> **WORK TO COMPLETE**
The result should be every line in the data below that carries the string "bound".

(EXCERPTED DATA Opens)

(* Combined with supermultiplicativity this gives subexponential decay:  ln u_n >= - eps n
   eventually, for every eps > 0. *)
lemma renewal_subexponential:
  fixes kt :: "nat \<Rightarrow> real" and \<epsilon> :: real
  assumes kt: "\<And>t. kt t \<ge> 0" and k0: "kt 0 = 0" and k1: "kt 1 > 0" and ks: "kt sums 1"
    and e: "\<epsilon> > 0"
  shows "eventually (\<lambda>n. ln (renewal kt n) \<ge> - \<epsilon> * n) sequentially"
proof -
  obtain k where k: "k \<ge> 1" "renewal kt k \<ge> exp (- (\<epsilon> / 2) * k)"
    using renewal_not_exp_small[of kt "\<epsilon> / 2", OF kt k0 ks] e by auto
  define m where "m = Min (renewal kt ` {..<k})"
  have m_pos: "m > 0"
    unfolding m_def using k(1) renewal_pos[of kt, OF kt k1]
    by (subst Min_gr_iff) (auto simp: lessThan_empty_iff)
  have bound: "renewal kt n \<ge> m * exp (- (\<epsilon> / 2) * n)" for n
  proof -
    define q r where "q = n div k" and "r = n mod k"
    have n: "n = r + q * k" by (simp add: q_def r_def)
    have "m \<le> renewal kt r"
      using k(1) by (simp add: m_def r_def)
    moreover have "exp (- (\<epsilon> / 2) * n) \<le> exp (- (\<epsilon> / 2) * k) ^ q"
      using e by (simp add: n exp_of_nat_mult[symmetric] algebra_simps)
    moreover have "exp (- (\<epsilon> / 2) * k) ^ q \<le> renewal kt (q * k)"
      using k(2) renewal_power_le[of kt, OF kt, where k=q and n=k] by (meson exp_ge_zero order_trans power_mono)
    ultimately have "m * exp (- (\<epsilon> / 2) * n) \<le> renewal kt r * renewal kt (q * k)"
      using m_pos by (intro mult_mono) auto
    also have "\<dots> \<le> renewal kt n"
      unfolding n by (rule renewal_supermult[OF kt])
    finally show ?thesis .
  qed
  have "ln (renewal kt n) \<ge> - \<epsilon> * n" if n: "n \<ge> nat \<lceil>- 2 * ln m / \<epsilon>\<rceil>" for n
  proof -
    have "ln m - (\<epsilon> / 2) * n \<le> ln (renewal kt n)"
      using bound[of n] m_pos renewal_pos[of kt n, OF kt k1] ln_mono[of "m * exp (- (\<epsilon> / 2) * n)"]
      by (simp add: ln_mult)
    moreover have "- 2 * ln m / \<epsilon> \<le> n"
      using n by linarith
    then have "- ln m \<le> (\<epsilon> / 2) * n"
      using e by (simp add: field_simps)
    ultimately show ?thesis by linarith
  qed
  then show ?thesis
    unfolding eventually_sequentially by blast
qed

lemma subcritical_tilt:
  fixes kt :: "nat \<Rightarrow> real"
  assumes kt: "\<And>t. kt t \<ge> 0" and sk: "summable kt" and gt: "suminf kt > 1"
  obtains s where "0 < s" "s < 1" "summable (\<lambda>n. kt n * s ^ n)" "(\<Sum>n. kt n * s ^ n) \<ge> 1"
proof -
  obtain T where T: "(\<Sum>t<T. kt t) > 1"
    using gt summable_LIMSEQ[OF sk] order_tendstoD(1) eventually_sequentially by (metis order.refl)
  define p where "p = (\<Sum>t<T. kt t)"
  have p1: "p > 1" and T0: "T > 0"
    using T by (auto simp: p_def intro: Nat.gr0I)
  define s where "s = root T (1 / p)"
  have s0: "s > 0" and s1: "s < 1" and sT: "s ^ T = 1 / p"
    unfolding s_def using p1 T0 by (simp_all add: real_root_lt_1_iff)
  have summ: "summable (\<lambda>n. kt n * s ^ n)"
    by (rule summable_comparison_test[OF _ sk])
       (use kt s0 s1 in \<open>auto intro!: exI[of _ 0] mult_right_le_one_le power_le_one\<close>)
  have "1 = (\<Sum>t<T. kt t * s ^ T)"
    using sT p1 by (simp add: sum_divide_distrib[symmetric] p_def[symmetric])
  also have "\<dots> \<le> (\<Sum>t<T. kt t * s ^ t)"
    by (intro sum_mono mult_left_mono kt power_decreasing) (use s0 s1 in auto)
  also have "\<dots> \<le> (\<Sum>n. kt n * s ^ n)"
    by (intro sum_le_suminf summ) (use kt s0 in auto)
  finally show ?thesis using that s0 s1 summ by blast
qed
(* Let $\ell:\mathbb{R}\to\mathbb{R}$ be convex with $\ell\ge 0$ and $\min_v\ell(v)=0$. Let $Z\sim p_Z$ and $G\sim\mathcal{N}(0,1)$ independent, and assume $\mathbb{E}|\ell'_+(cG+Z)|^2<\infty$ for all $c\in\mathbb{R}$. Then: (1) $\mathbb{E}|e_\ell(cG+Z;\tau)-\ell(Z)|<\infty$ for all $c\in\mathbb{R},\tau>0$, so $L(c,\tau):=\mathbb{E}[e_\ell(cG+Z;\tau)-\ell(Z)]$ is well defined; $L$ is jointly convex and continuous on $\mathbb{R}\times\mathbb{R}_{>0}$. (2) With $\mathcal{L}(\mathbf{v})=\sum_{j=1}^m\ell(\mathbf{v}_j)$, $\mathbf{z}_j\stackrel{iid}{\sim}p_Z$ and $\mathbf{g}\sim\mathcal{N}(0,\mathbf{I}_m)$ independent, $\frac1m\{e_{\mathcal{L}}(c\mathbf{g}+\mathbf{z};\tau)-\mathcal{L}(\mathbf{z})\}\to L(c,\tau)$ in probability as $m\to\infty$, for all $c\in\mathbb{R},\tau>0$. (3) $\lim_{\tau\to0^+}L(c,\tau)=\mathbb{E}[\ell(cG+Z)-\ell(Z)]<\infty$, $\lim_{\tau\to0^+}L(0,\tau)=0$, and $-\infty<\lim_{\tau\to0^+}\partial_\tau L(0,\tau)\le0$. (4) With $L_0:=\mathbb{E}\ell(Z)\in[0,\infty]$: $\lim_{\tau\to+\infty}L(c,\tau)=-L_0$ and $L(c,\tau)\ge -L_0$ for all $c,\tau>0$; moreover $\lim_{\tau\to+\infty}L(c,\tau)/\tau=0$ for all $c$.
   Context: For convex $g:\mathbb{R}\to\mathbb{R}$: $g'_+(v):=\sup_{s\in\partial g(v)}|s|$, $e_g(x;\tau):=\min_v\frac{1}{2\tau}(x-v)^2+g(v)$ ($\tau>0$). For $\mathcal{L}:\mathbb{R}^m\to\mathbb{R}$, $e_{\mathcal{L}}(\mathbf{x};\tau):=\min_{\mathbf{v}}\frac{1}{2\tau}\|\mathbf{x}-\mathbf{v}\|_2^2+\mathcal{L}(\mathbf{v})$. *)

theory Defs
  imports "HOL-Probability.Probability"
begin

definition subdiff :: "(real \<Rightarrow> real) \<Rightarrow> real \<Rightarrow> real set" where
  "subdiff g v = {s. \<forall>u. g u \<ge> g v + s * (u - v)}"

definition dplus :: "(real \<Rightarrow> real) \<Rightarrow> real \<Rightarrow> real" where
  "dplus g v = (SUP s \<in> subdiff g v. \<bar>s\<bar>)"

definition moreau :: "(real \<Rightarrow> real) \<Rightarrow> real \<Rightarrow> real \<Rightarrow> real" where
  "moreau g x \<tau> = (INF v. (1 / (2 * \<tau>)) * (x - v)\<^sup>2 + g v)"

text \<open>Vectors of R^m are represented as functions nat => real, only the
  coordinates 0..m-1 being relevant (the others are fixed to 0 for the minimiser).\<close>
definition rvec :: "nat \<Rightarrow> (nat \<Rightarrow> real) set" where
  "rvec m = {v. \<forall>j\<ge>m. v j = 0}"

definition sqnorm :: "nat \<Rightarrow> (nat \<Rightarrow> real) \<Rightarrow> real" where
  "sqnorm m x = (\<Sum>j<m. (x j)\<^sup>2)"

definition moreau_vec :: "nat \<Rightarrow> ((nat \<Rightarrow> real) \<Rightarrow> real) \<Rightarrow> (nat \<Rightarrow> real) \<Rightarrow> real \<Rightarrow> real" where
  "moreau_vec m F x \<tau> = (INF v \<in> rvec m. (1 / (2 * \<tau>)) * sqnorm m (\<lambda>j. x j - v j) + F v)"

(EXCERPTED DATA Closes)

> **TASK ANSWER**
  have bound: "renewal kt n \<ge> m * exp (- (\<epsilon> / 2) * n)" for n
      using bound[of n] m_pos renewal_pos[of kt n, OF kt k1] ln_mono[of "m * exp (- (\<epsilon> / 2) * n)"]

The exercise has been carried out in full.